**THE PROBLEM**
Copy out, from the entries below, each line holding the string "Longrightarrow".

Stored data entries
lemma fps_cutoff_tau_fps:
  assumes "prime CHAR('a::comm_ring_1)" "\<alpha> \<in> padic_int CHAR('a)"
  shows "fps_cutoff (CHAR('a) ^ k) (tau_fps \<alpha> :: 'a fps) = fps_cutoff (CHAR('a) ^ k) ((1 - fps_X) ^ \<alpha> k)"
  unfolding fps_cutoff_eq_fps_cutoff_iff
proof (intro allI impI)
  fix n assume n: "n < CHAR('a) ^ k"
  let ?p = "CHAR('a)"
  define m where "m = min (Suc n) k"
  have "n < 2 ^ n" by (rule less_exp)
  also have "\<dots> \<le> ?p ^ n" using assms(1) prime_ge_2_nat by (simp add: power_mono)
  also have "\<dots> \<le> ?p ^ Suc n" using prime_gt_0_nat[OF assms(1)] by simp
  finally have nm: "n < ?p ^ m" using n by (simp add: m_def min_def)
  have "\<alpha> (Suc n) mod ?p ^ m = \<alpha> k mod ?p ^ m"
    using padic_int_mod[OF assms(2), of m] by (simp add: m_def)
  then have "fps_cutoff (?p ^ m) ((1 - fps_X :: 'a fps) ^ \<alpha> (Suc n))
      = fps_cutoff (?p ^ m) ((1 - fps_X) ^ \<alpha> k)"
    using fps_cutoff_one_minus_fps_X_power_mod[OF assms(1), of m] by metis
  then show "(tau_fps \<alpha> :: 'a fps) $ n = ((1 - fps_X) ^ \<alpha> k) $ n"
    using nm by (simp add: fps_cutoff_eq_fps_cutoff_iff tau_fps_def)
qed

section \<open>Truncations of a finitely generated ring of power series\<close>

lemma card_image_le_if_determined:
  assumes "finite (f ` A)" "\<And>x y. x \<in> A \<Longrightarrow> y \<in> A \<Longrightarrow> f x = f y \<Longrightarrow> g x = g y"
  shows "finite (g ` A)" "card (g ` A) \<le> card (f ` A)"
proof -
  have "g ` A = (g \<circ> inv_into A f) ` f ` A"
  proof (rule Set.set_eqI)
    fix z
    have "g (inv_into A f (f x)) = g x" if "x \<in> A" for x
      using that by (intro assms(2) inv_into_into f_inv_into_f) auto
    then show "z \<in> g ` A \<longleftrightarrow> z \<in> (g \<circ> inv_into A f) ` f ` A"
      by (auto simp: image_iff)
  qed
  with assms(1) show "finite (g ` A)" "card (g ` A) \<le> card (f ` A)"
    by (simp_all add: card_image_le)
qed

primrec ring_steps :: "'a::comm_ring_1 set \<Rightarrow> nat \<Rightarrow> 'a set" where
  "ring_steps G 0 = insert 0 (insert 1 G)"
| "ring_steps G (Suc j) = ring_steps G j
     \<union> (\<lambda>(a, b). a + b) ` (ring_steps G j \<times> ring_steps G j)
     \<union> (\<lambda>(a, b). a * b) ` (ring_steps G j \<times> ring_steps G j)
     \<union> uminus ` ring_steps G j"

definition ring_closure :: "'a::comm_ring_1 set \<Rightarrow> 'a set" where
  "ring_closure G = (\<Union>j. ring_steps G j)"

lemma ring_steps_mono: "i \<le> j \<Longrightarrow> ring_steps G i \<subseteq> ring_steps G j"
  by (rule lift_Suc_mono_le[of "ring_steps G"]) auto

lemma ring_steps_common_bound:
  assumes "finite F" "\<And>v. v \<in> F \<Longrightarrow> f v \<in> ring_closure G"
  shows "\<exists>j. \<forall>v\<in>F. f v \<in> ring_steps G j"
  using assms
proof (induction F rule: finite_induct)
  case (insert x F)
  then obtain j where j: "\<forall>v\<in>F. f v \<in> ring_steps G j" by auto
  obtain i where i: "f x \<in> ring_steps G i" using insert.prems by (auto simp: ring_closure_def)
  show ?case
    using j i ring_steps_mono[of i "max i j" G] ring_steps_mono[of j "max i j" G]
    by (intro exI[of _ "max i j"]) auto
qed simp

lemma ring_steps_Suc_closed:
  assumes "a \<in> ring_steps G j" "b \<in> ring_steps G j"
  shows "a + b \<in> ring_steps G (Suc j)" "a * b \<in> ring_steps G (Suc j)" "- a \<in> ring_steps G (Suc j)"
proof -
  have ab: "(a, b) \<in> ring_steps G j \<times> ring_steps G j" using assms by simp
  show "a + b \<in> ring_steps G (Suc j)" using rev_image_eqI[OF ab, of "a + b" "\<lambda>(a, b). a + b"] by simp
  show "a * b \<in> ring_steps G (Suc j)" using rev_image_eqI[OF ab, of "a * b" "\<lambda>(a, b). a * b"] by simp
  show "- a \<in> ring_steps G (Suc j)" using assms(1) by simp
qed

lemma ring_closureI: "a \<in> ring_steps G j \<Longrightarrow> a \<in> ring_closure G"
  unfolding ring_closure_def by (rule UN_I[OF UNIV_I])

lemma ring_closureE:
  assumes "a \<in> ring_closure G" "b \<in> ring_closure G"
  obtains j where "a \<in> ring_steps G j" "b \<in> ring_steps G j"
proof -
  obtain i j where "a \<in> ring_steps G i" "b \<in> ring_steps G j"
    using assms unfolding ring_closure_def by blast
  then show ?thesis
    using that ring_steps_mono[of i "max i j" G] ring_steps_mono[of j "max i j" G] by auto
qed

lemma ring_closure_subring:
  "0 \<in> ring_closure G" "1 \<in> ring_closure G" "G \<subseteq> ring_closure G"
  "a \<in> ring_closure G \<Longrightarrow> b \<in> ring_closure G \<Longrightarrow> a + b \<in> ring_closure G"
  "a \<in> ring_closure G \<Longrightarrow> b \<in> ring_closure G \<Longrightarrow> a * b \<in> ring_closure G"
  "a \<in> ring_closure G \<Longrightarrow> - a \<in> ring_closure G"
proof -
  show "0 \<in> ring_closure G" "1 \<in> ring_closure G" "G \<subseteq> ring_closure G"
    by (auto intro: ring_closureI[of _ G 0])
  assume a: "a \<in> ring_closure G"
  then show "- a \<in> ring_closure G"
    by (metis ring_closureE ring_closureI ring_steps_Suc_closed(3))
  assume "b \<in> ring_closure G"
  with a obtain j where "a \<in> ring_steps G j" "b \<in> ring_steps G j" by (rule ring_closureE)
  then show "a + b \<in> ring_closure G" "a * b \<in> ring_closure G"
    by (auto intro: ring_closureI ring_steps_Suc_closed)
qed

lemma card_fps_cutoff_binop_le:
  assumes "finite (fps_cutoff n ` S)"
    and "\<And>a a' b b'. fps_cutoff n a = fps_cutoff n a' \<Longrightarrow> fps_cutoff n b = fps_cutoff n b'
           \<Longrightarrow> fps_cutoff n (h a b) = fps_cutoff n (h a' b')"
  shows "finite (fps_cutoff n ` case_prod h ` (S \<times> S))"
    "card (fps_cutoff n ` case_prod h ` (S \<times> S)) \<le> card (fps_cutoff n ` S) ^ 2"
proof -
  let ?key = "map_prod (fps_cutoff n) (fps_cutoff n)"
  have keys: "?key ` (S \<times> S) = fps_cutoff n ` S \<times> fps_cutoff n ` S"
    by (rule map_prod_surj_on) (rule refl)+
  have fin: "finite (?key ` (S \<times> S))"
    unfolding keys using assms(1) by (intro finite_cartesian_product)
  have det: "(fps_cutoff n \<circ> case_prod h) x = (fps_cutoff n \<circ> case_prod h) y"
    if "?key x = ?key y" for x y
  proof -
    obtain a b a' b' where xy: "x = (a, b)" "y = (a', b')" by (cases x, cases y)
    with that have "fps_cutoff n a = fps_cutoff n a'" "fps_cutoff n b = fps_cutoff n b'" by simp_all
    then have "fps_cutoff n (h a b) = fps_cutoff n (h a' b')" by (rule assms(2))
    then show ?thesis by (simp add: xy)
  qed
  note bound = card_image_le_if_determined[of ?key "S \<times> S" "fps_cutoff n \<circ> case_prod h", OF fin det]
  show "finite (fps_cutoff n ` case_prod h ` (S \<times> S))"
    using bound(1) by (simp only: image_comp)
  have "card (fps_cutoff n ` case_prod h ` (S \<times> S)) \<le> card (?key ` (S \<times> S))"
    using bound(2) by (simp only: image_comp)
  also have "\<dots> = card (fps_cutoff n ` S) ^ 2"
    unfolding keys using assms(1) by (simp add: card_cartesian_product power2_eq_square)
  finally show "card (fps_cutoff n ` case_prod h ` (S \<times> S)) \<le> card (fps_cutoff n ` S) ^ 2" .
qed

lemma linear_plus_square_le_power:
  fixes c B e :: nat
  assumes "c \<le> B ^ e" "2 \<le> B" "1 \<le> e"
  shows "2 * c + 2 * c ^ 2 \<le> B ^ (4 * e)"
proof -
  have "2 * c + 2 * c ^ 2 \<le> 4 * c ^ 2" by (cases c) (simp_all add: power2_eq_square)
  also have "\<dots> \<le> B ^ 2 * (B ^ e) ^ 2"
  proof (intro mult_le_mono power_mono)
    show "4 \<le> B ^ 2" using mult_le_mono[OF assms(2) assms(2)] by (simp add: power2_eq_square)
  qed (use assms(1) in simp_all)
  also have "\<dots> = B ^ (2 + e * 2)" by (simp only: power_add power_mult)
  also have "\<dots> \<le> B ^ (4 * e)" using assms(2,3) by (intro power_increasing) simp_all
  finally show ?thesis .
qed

**ANSWER TO THIS PROBLEM**
  assumes "finite (f ` A)" "\<And>x y. x \<in> A \<Longrightarrow> y \<in> A \<Longrightarrow> f x = f y \<Longrightarrow> g x = g y"
lemma ring_steps_mono: "i \<le> j \<Longrightarrow> ring_steps G i \<subseteq> ring_steps G j"
  assumes "finite F" "\<And>v. v \<in> F \<Longrightarrow> f v \<in> ring_closure G"
lemma ring_closureI: "a \<in> ring_steps G j \<Longrightarrow> a \<in> ring_closure G"
  "a \<in> ring_closure G \<Longrightarrow> b \<in> ring_closure G \<Longrightarrow> a + b \<in> ring_closure G"
  "a \<in> ring_closure G \<Longrightarrow> b \<in> ring_closure G \<Longrightarrow> a * b \<in> ring_closure G"
  "a \<in> ring_closure G \<Longrightarrow> - a \<in> ring_closure G"
    and "\<And>a a' b b'. fps_cutoff n a = fps_cutoff n a' \<Longrightarrow> fps_cutoff n b = fps_cutoff n b'
           \<Longrightarrow> fps_cutoff n (h a b) = fps_cutoff n (h a' b')"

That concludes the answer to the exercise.